Would he identify specific areas?

"I could be lazy and say the HSE and walk away. And I say that with the greatest respect for Mary Harney, because I think she's there trying to do a good job and I believe she inherited a situation. But, in fact, I believe it's right across the civil service and government departments," he says.

In fact, not only are there many people in the government sector who don't have a function, there are many who don't even know what their function is, he says.

In terms of a business strategy, he recognises that the vast programme of redundancies he believes is necessary presents a major difficulty.

The downsizing of the government sector to deal with the realities of the current turnover of Ireland PLC is the obvious strategic solution to the problem, but there is a big but.

"You have to look at the greatest cost of all within any of the government cost centres, and that is labour. But if you try and adopt that strategy, you can't do it."

This is because no government, thus far, has had the balls to take on the unions and so overstaffing levels

have built up over the years. McGuinness believes that the figure of 8,000, allegedly floated by an anonymous group of civil servants as the number of jobs that could be cut from the government sector, is probably an accurate figure.

To show that he has the courage of his convictions, McGuinness says that he has raised the issue of overstaffing in his own department as part of discussions about planned cutbacks there.

More urgent still, he believes, is to change the nature of employment contracts in the civil service, to move away from the idea of a guaranteed permanent and pensionable job for life that you cannot be removed from.

He suggests, among other things, that people should be employed on a contract basis. All he is really saying is that civil servants should be subject to the same rules as you and me.

After all, as McGuinness points out, they wanted equivalence with the private sector and with that right comes responsibilities, too.

"I don't know what's extraordinary about this," he says. "We paid benchmarking. They got that, and more, and yet their responsibilities and work ethic hasn't changed at all. If you want to be like the private sector, that's the challenge. Welcome aboard, and I don't see anything wrong with that."

Furthermore, he points out, "what you're spending every day of the week is money that is hard earned by Irish people. You have a duty to them that we get value for money, that we spend it in an honest and diligent way".

It is important to point out, too, that McGuinness is not just bashing the civil service. It is clear from talking to him that he believes in the civil service and believes that there are very many bright and hard-working people in there.

But he also believes that the systems and the environment in which they operate do them no favours. While he admits that the civil service can tend to be cautious in its outlook and in the advice it offers the Government, he concedes that "maybe too many risk-takers like me would be bad for the country".

McGuinness could be regarded by some people as a very dangerous man. He is a guy with a big idea; a man with a vision.

That in itself could be reason enough for the vested interests of the status quo to crucify him.

He is also that rare gem: a politician who is not trying to please all of the people, all of the time.

He is taking the considerable risk of scaring many important people in order to tell his truth, a truth he sees as blindingly obvious. He is, in a sense, a true public servant.
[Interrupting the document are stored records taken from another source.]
(* Let $\alpha,\mu>0$ with $\varrho=\alpha/\mu<1$, and for $m\in\mathbb{N}$ let $\mathbf{E}_m$ be the stationary distribution on $\mathbb{N}$ of the single-server Processor-Sharing queue with $m$ permanent customers, Poisson arrivals of rate $\alpha$ and exponential service requirements of rate $\mu$ (described in the context). Then for all fixed $x>0$, $y>0$, \[ \lim_{A\to\infty}\frac1A\log\mathbf{E}_{[Ay]}([Ax])=-K(x,y),\qquad K(x,y)=x\log\Big(\frac{x}{\varrho}\Big)+y\log y-(x+y)\log(x+y)-y\log(1-\varrho). \]
   Context: The single-server PS queue with $m$ permanent customers is the birth-and-death process on $\mathbb{N}$ (number $n$ of non-permanent customers) with transitions $n\to n+1$ at rate $\alpha$ and $n\to n-1$ at rate $\mu n/(n+m)$ (the $n+m$ customers share unit capacity equally; permanent customers never leave). $[z]$ denotes the integer part of $z$. *)

theory Defs
  imports "HOL-Analysis.Analysis"
begin

text \<open>Transition rates of the PS queue with m permanent customers, on states n (number of
  non-permanent customers): n -> n+1 at rate alpha, n -> n-1 at rate mu*n/(n+m).\<close>

definition ps_birth :: "real \<Rightarrow> nat \<Rightarrow> real" where
  "ps_birth \<alpha> n = \<alpha>"

definition ps_death :: "real \<Rightarrow> nat \<Rightarrow> nat \<Rightarrow> real" where
  "ps_death \<mu> m n = (if n = 0 then 0 else \<mu> * real n / real (n + m))"

definition ps_stationary :: "real \<Rightarrow> real \<Rightarrow> nat \<Rightarrow> (nat \<Rightarrow> real) \<Rightarrow> bool" where
  "ps_stationary \<alpha> \<mu> m \<pi> \<longleftrightarrow>
     (\<forall>n. 0 \<le> \<pi> n) \<and> \<pi> sums 1 \<and>
     (\<forall>n. \<pi> n * (ps_birth \<alpha> n + ps_death \<mu> m n) =
          (if n = 0 then 0 else \<pi> (n - 1) * ps_birth \<alpha> (n - 1))
          + \<pi> (n + 1) * ps_death \<mu> m (n + 1))"

definition K_rate :: "real \<Rightarrow> real \<Rightarrow> real \<Rightarrow> real" where
  "K_rate \<rho> x y = x * ln (x / \<rho>) + y * ln y - (x + y) * ln (x + y) - y * ln (1 - \<rho>)"

end

theory Submission
  imports Defs "HOL-Real_Asymp.Real_Asymp"
begin

text \<open>Global balance of a birth-and-death chain forces detailed balance, which yields the product
  form \<open>E\<^sub>m(n) = (1 - \<rho>)^(m + 1) \<rho>^n ((n + m) choose n)\<close>; the normalising constant
  is the negative binomial series. The first-order Stirling bounds
  \<open>n ln n - n \<le> ln n! \<le> (n + 1) ln (n + 1) - n\<close> then show that for \<open>n \<approx> A x\<close>, \<open>m \<approx> A y\<close>
  the term \<open>ln ((n + m) choose n) / A\<close> tends to \<open>(x + y) ln (x + y) - x ln x - y ln y\<close>,
  while \<open>((m + 1) ln (1 - \<rho>) + n ln \<rho>) / A\<close> tends to \<open>y ln (1 - \<rho>) + x ln \<rho>\<close>.\<close>

lemma global_balance_imp_detailed_balance:
  fixes \<pi> b d :: "nat \<Rightarrow> 'a :: comm_ring"
  assumes balance: "\<And>n. \<pi> n * (b n + d n) =
      (if n = 0 then 0 else \<pi> (n - 1) * b (n - 1)) + \<pi> (n + 1) * d (n + 1)"
    and "d 0 = 0"
  shows "\<pi> n * b n = \<pi> (Suc n) * d (Suc n)"
proof (induction n)
  case 0
  then show ?case
    using balance[of 0] \<open>d 0 = 0\<close> by simp
next
  case (Suc n)
  then show ?case
    using balance[of "Suc n"] by (simp add: algebra_simps)
qed

lemma sums_binomial_neg_power:
  fixes r :: real
  assumes "\<bar>r\<bar> < 1"
  shows "(\<lambda>n. real ((n + m) choose n) * r ^ n) sums (1 / (1 - r) ^ (m + 1))"
proof -
  have "(\<lambda>n. ((- real (m + 1)) gchoose n) * (- r) ^ n) sums (1 + - r) powr (- real (m + 1))"
    using assms by (intro gen_binomial_real) simp
  moreover have "((- real (m + 1)) gchoose n) * (- r) ^ n = real ((n + m) choose n) * r ^ n" for n
  proof -
    have "(- real (m + 1)) gchoose n = (- 1) ^ n * (real (n + m) gchoose n)"
      by (subst gbinomial_minus) (simp add: add_ac)
    then show ?thesis
      by (simp add: binomial_gbinomial power_minus[of r])
  qed
  moreover have "(1 + - r) powr (- real (m + 1)) = 1 / (1 - r) ^ (m + 1)"
    using assms by (subst powr_minus_divide, subst powr_realpow) auto
  ultimately show ?thesis
    by simp
qed

lemma ps_stationary_product_form:
  assumes "\<mu> > 0" and "ps_stationary \<alpha> \<mu> m \<pi>"
  shows "\<pi> n = \<pi> 0 * (\<alpha> / \<mu>) ^ n * real ((n + m) choose n)"
proof (induction n)
  case (Suc n)
  have "\<pi> n * \<alpha> = \<pi> (Suc n) * (\<mu> * real (Suc n) / real (Suc n + m))"
    using global_balance_imp_detailed_balance[of \<pi> "ps_birth \<alpha>" "ps_death \<mu> m" n] assms(2)
    by (simp add: ps_stationary_def ps_birth_def ps_death_def)
  then have "\<pi> (Suc n) * (\<mu> * real (Suc n)) = \<pi> n * \<alpha> * real (Suc n + m)"
    by (simp add: field_simps)
  also have "\<dots> = \<pi> 0 * (\<alpha> / \<mu>) ^ n * \<alpha> * (real (Suc n + m) * real ((n + m) choose n))"
    using Suc.IH by simp
  also have "real (Suc n + m) * real ((n + m) choose n) = real (Suc n) * real ((Suc n + m) choose Suc n)"
    by (metis Suc_times_binomial add_Suc of_nat_mult)
  also have "\<pi> 0 * (\<alpha> / \<mu>) ^ n * \<alpha> * (real (Suc n) * real ((Suc n + m) choose Suc n))
      = \<pi> 0 * (\<alpha> / \<mu>) ^ Suc n * real ((Suc n + m) choose Suc n) * (\<mu> * real (Suc n))"
    using \<open>\<mu> > 0\<close> by (simp add: field_simps)
  finally have "\<pi> (Suc n) * (\<mu> * real (Suc n))
      = \<pi> 0 * (\<alpha> / \<mu>) ^ Suc n * real ((Suc n + m) choose Suc n) * (\<mu> * real (Suc n))" .
  moreover have "\<mu> * real (Suc n) \<noteq> 0"
    using \<open>\<mu> > 0\<close> by simp
  ultimately show ?case
    by (metis mult_right_cancel)
qed simp

lemma ps_stationary_eq:
  assumes "\<alpha> > 0" and "\<mu> > 0" and "\<alpha> / \<mu> < 1" and "ps_stationary \<alpha> \<mu> m \<pi>"
  shows "\<pi> n = (1 - \<alpha> / \<mu>) ^ (m + 1) * (\<alpha> / \<mu>) ^ n * real ((n + m) choose n)"
proof -
  note product_form = ps_stationary_product_form[OF assms(2,4)]
  have "\<bar>\<alpha> / \<mu>\<bar> < 1"
    using assms(1-3) by simp
  then have "(\<lambda>n. \<pi> 0 * (real ((n + m) choose n) * (\<alpha> / \<mu>) ^ n))
      sums (\<pi> 0 * (1 / (1 - \<alpha> / \<mu>) ^ (m + 1)))"
    by (intro sums_mult sums_binomial_neg_power)
  moreover have "(\<lambda>n. \<pi> 0 * (real ((n + m) choose n) * (\<alpha> / \<mu>) ^ n)) = \<pi>"
  proof
    show "\<pi> 0 * (real ((n + m) choose n) * (\<alpha> / \<mu>) ^ n) = \<pi> n" for n
      using product_form[of n] by (simp add: mult_ac)
  qed
  ultimately have "\<pi> sums (\<pi> 0 * (1 / (1 - \<alpha> / \<mu>) ^ (m + 1)))"
    by simp
  moreover have "\<pi> sums 1"
    using assms(4) by (simp add: ps_stationary_def)
  ultimately have "\<pi> 0 * (1 / (1 - \<alpha> / \<mu>) ^ (m + 1)) = 1"
    by (rule sums_unique2)
  then have "\<pi> 0 = (1 - \<alpha> / \<mu>) ^ (m + 1)"
    using assms(3) by (simp add: field_simps)
  then show ?thesis
    using product_form[of n] by simp
qed

lemma ln_ps_stationary:
  assumes "\<alpha> > 0" and "\<mu> > 0" and "\<alpha> / \<mu> < 1" and "ps_stationary \<alpha> \<mu> m \<pi>"
  shows "ln (\<pi> n) = real (m + 1) * ln (1 - \<alpha> / \<mu>) + real n * ln (\<alpha> / \<mu>)
      + ln (fact (n + m)) - ln (fact n) - ln (fact m)"
proof -
  define \<rho> where "\<rho> = \<alpha> / \<mu>"
  have \<rho>: "0 < \<rho>" "0 < 1 - \<rho>"
    using assms(1-3) by (simp_all add: \<rho>_def)
  have "real ((n + m) choose n) = fact (n + m) / (fact n * fact m)"
    using binomial_fact[of n "n + m", where 'a = real] by simp
  then have "ln (\<pi> n) = ln ((1 - \<rho>) ^ (m + 1) * \<rho> ^ n * (fact (n + m) / (fact n * fact m)))"
    by (simp only: ps_stationary_eq[OF assms] \<rho>_def)
  also have "\<dots> = real (m + 1) * ln (1 - \<rho>) + real n * ln \<rho>
      + ln (fact (n + m)) - ln (fact n) - ln (fact m)"
    using \<rho> by (simp add: ln_mult ln_div ln_realpow distrib_right)
  finally show ?thesis
    by (simp only: \<rho>_def)
qed

lemma ln_fact_ge: "real n * ln (real n) - real n \<le> ln (fact n)"
proof (induction n)
  case (Suc n)
  have "real n * ln (1 + 1 / real n) \<le> real n * (1 / real n)"
    by (intro mult_left_mono ln_add_one_self_le_self) simp_all
  then have "real n * (ln (real n + 1) - ln (real n)) \<le> 1"
    by (cases "n = 0") (simp_all add: field_simps ln_div)
  moreover have "ln (fact (Suc n)) = ln (real n + 1) + ln (fact n)"
    by (simp add: ln_mult add.commute)
  ultimately show ?case
    using Suc by (simp add: algebra_simps)
qed simp

lemma ln_fact_le: "ln (fact n) \<le> (real n + 1) * ln (real n + 1) - real n"
proof (induction n)
  case (Suc n)
  have "ln (1 - 1 / (real n + 2)) \<le> - 1 / (real n + 2)"
    using ln_le_minus_one[of "1 - 1 / (real n + 2)"] by simp
  then have "1 \<le> (real n + 2) * (ln (real n + 2) - ln (real n + 1))"
    by (simp add: field_simps ln_div)
  moreover have "ln (fact (Suc n)) = ln (real n + 1) + ln (fact n)"
    by (simp add: ln_mult add.commute)
  ultimately show ?case
    using Suc by (simp add: algebra_simps)
qed simp

text \<open>Removing the term \<open>k ln A\<close> leaves a quantity with a finite limit when \<open>k \<approx> c A\<close>;
  the removed terms cancel in \<open>ln ((n + m) choose n)\<close>.\<close>

definition ln_fact_scaled :: "real \<Rightarrow> nat \<Rightarrow> real" where
  "ln_fact_scaled A k = (ln (fact k) - real k * ln A) / A"

lemma tendsto_ln_fact_scaled:
  fixes k :: "real \<Rightarrow> nat"
  assumes k: "((\<lambda>A. real (k A) / A) \<longlongrightarrow> c) at_top" and "c > 0"
  shows "((\<lambda>A. ln_fact_scaled A (k A)) \<longlongrightarrow> c * ln c - c) at_top"
  unfolding ln_fact_scaled_def
proof (rule tendsto_sandwich)
  have scale: "t * ln t - t * ln A = A * ((t / A) * ln (t / A))" if "A > 0" "t \<ge> 0" for t A :: real
    using that by (cases "t = 0") (simp_all add: ln_div algebra_simps)
  show "\<forall>\<^sub>F A in at_top. (real (k A) / A) * ln (real (k A) / A) - real (k A) / A
      \<le> (ln (fact (k A)) - real (k A) * ln A) / A"
    using eventually_gt_at_top[of 0]
  proof eventually_elim
    case (elim A)
    have "A * ((real (k A) / A) * ln (real (k A) / A)) - real (k A) \<le> ln (fact (k A)) - real (k A) * ln A"
      using ln_fact_ge[of "k A"] scale[OF elim, of "real (k A)"] by simp
    then have "(A * ((real (k A) / A) * ln (real (k A) / A)) - real (k A)) / A
        \<le> (ln (fact (k A)) - real (k A) * ln A) / A"
      using elim by (intro divide_right_mono) simp_all
    with elim show ?case
      by (simp add: diff_divide_distrib)
  qed
  show "\<forall>\<^sub>F A in at_top. (ln (fact (k A)) - real (k A) * ln A) / A
      \<le> ((real (k A) + 1) / A) * ln ((real (k A) + 1) / A) + ln A / A - real (k A) / A"
    using eventually_gt_at_top[of 0]
  proof eventually_elim
    case (elim A)
    have "ln (fact (k A)) - real (k A) * ln A
        \<le> A * (((real (k A) + 1) / A) * ln ((real (k A) + 1) / A)) + ln A - real (k A)"
      using ln_fact_le[of "k A"] scale[OF elim, of "real (k A) + 1"] by (simp add: algebra_simps)
    then have "(ln (fact (k A)) - real (k A) * ln A) / A
        \<le> (A * (((real (k A) + 1) / A) * ln ((real (k A) + 1) / A)) + ln A - real (k A)) / A"
      using elim by (intro divide_right_mono) simp_all
    with elim show ?case
      by (simp add: add_divide_distrib diff_divide_distrib)
  qed
  have "((\<lambda>A. 1 / A) \<longlongrightarrow> (0::real)) at_top"
    by real_asymp
  from tendsto_add[OF k this] have k1: "((\<lambda>A. (real (k A) + 1) / A) \<longlongrightarrow> c) at_top"
    by (simp add: add_divide_distrib)
  have "((\<lambda>A. ln A / A) \<longlongrightarrow> (0::real)) at_top"
    by real_asymp
  then have "((\<lambda>A. ((real (k A) + 1) / A) * ln ((real (k A) + 1) / A) + ln A / A - real (k A) / A)
      \<longlongrightarrow> c * ln c + 0 - c) at_top"
    using \<open>c > 0\<close> by (intro tendsto_diff tendsto_add tendsto_mult tendsto_ln k k1) simp_all
  then show "((\<lambda>A. ((real (k A) + 1) / A) * ln ((real (k A) + 1) / A) + ln A / A - real (k A) / A)
      \<longlongrightarrow> c * ln c - c) at_top"
    by simp
  show "((\<lambda>A. (real (k A) / A) * ln (real (k A) / A) - real (k A) / A) \<longlongrightarrow> c * ln c - c) at_top"
    using \<open>c > 0\<close> by (intro tendsto_diff tendsto_mult tendsto_ln k) simp_all
qed

lemma tendsto_nat_floor_mult_div:
  fixes c :: real
  assumes "c \<ge> 0"
  shows "((\<lambda>A. real (nat \<lfloor>A * c\<rfloor>) / A) \<longlongrightarrow> c) at_top"
proof (rule tendsto_sandwich)
  show "\<forall>\<^sub>F A in at_top. (A * c - 1) / A \<le> real (nat \<lfloor>A * c\<rfloor>) / A"
    using eventually_gt_at_top[of 0]
    by eventually_elim (intro divide_right_mono; linarith)
  show "\<forall>\<^sub>F A in at_top. real (nat \<lfloor>A * c\<rfloor>) / A \<le> c"
    using eventually_gt_at_top[of 0]
  proof eventually_elim
    case (elim A)
    then have "real (nat \<lfloor>A * c\<rfloor>) \<le> A * c"
      using assms by simp
    with elim show ?case
      by (simp add: field_simps)
  qed
  show "((\<lambda>A. (A * c - 1) / A) \<longlongrightarrow> c) at_top"
    by real_asymp
qed simp

lemma ln_ps_stationary_scaled:
  assumes "\<alpha> > 0" and "\<mu> > 0" and "\<alpha> / \<mu> < 1" and "ps_stationary \<alpha> \<mu> m \<pi>" and "A > 0"
  shows "ln (\<pi> n) / A = real (m + 1) / A * ln (1 - \<alpha> / \<mu>) + real n / A * ln (\<alpha> / \<mu>)
      + ln_fact_scaled A (n + m) - ln_fact_scaled A n - ln_fact_scaled A m"
  using \<open>A > 0\<close>
  by (simp add: ln_ps_stationary[OF assms(1-4)] ln_fact_scaled_def field_simps)

theorem lemma2:
  fixes \<alpha> \<mu> x y :: real and E :: "nat \<Rightarrow> nat \<Rightarrow> real"
  assumes "\<alpha> > 0" and "\<mu> > 0" and "\<alpha> / \<mu> < 1"
    and "\<And>m. ps_stationary \<alpha> \<mu> m (E m)"
    and "x > 0" and "y > 0"
  shows "((\<lambda>A. ln (E (nat \<lfloor>A * y\<rfloor>) (nat \<lfloor>A * x\<rfloor>)) / A)
           \<longlongrightarrow> - K_rate (\<alpha> / \<mu>) x y) at_top"
proof -
  define n where "n A = nat \<lfloor>A * x\<rfloor>" for A :: real
  define m where "m A = nat \<lfloor>A * y\<rfloor>" for A :: real
  have n: "((\<lambda>A. real (n A) / A) \<longlongrightarrow> x) at_top" and m: "((\<lambda>A. real (m A) / A) \<longlongrightarrow> y) at_top"
    unfolding n_def m_def using assms(5,6) by (simp_all add: tendsto_nat_floor_mult_div)
  from tendsto_add[OF n m] have nm: "((\<lambda>A. real (n A + m A) / A) \<longlongrightarrow> x + y) at_top"
    by (simp add: add_divide_distrib)
  have "((\<lambda>A. 1 / A) \<longlongrightarrow> (0::real)) at_top"
    by real_asymp
  from tendsto_add[OF m this] have m1: "((\<lambda>A. real (m A + 1) / A) \<longlongrightarrow> y) at_top"
    by (simp add: add_divide_distrib add.commute)
  have "((\<lambda>A. real (m A + 1) / A * ln (1 - \<alpha> / \<mu>) + real (n A) / A * ln (\<alpha> / \<mu>)
        + ln_fact_scaled A (n A + m A) - ln_fact_scaled A (n A) - ln_fact_scaled A (m A))
      \<longlongrightarrow> y * ln (1 - \<alpha> / \<mu>) + x * ln (\<alpha> / \<mu>)
        + ((x + y) * ln (x + y) - (x + y)) - (x * ln x - x) - (y * ln y - y)) at_top"
    using assms(5,6) by (intro tendsto_intros tendsto_ln_fact_scaled n m m1 nm) simp_all
  also have "y * ln (1 - \<alpha> / \<mu>) + x * ln (\<alpha> / \<mu>)
        + ((x + y) * ln (x + y) - (x + y)) - (x * ln x - x) - (y * ln y - y) = - K_rate (\<alpha> / \<mu>) x y"
    unfolding K_rate_def using assms(1,2,5) by (simp add: ln_div ln_mult algebra_simps)
  finally show ?thesis
    unfolding n_def m_def
    by (rule Lim_transform_eventually)
      (use eventually_gt_at_top[of 0] in \<open>eventually_elim, simp add: ln_ps_stationary_scaled[OF assms(1-4)]\<close>)
qed

end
We can only hope he isn't silenced, that he starts the debate he wants to start.

"I wasn't elected to wear a straight-jacket," he says. "I was elected to make a contribution."

The thing about men with big ideas is that, while they can get into all kinds of trouble in the short term, history tends to judge them very kindly. Let's hope we and John McGuinness's colleagues have the wisdom to recognise and appreciate his contribution now, and not just later.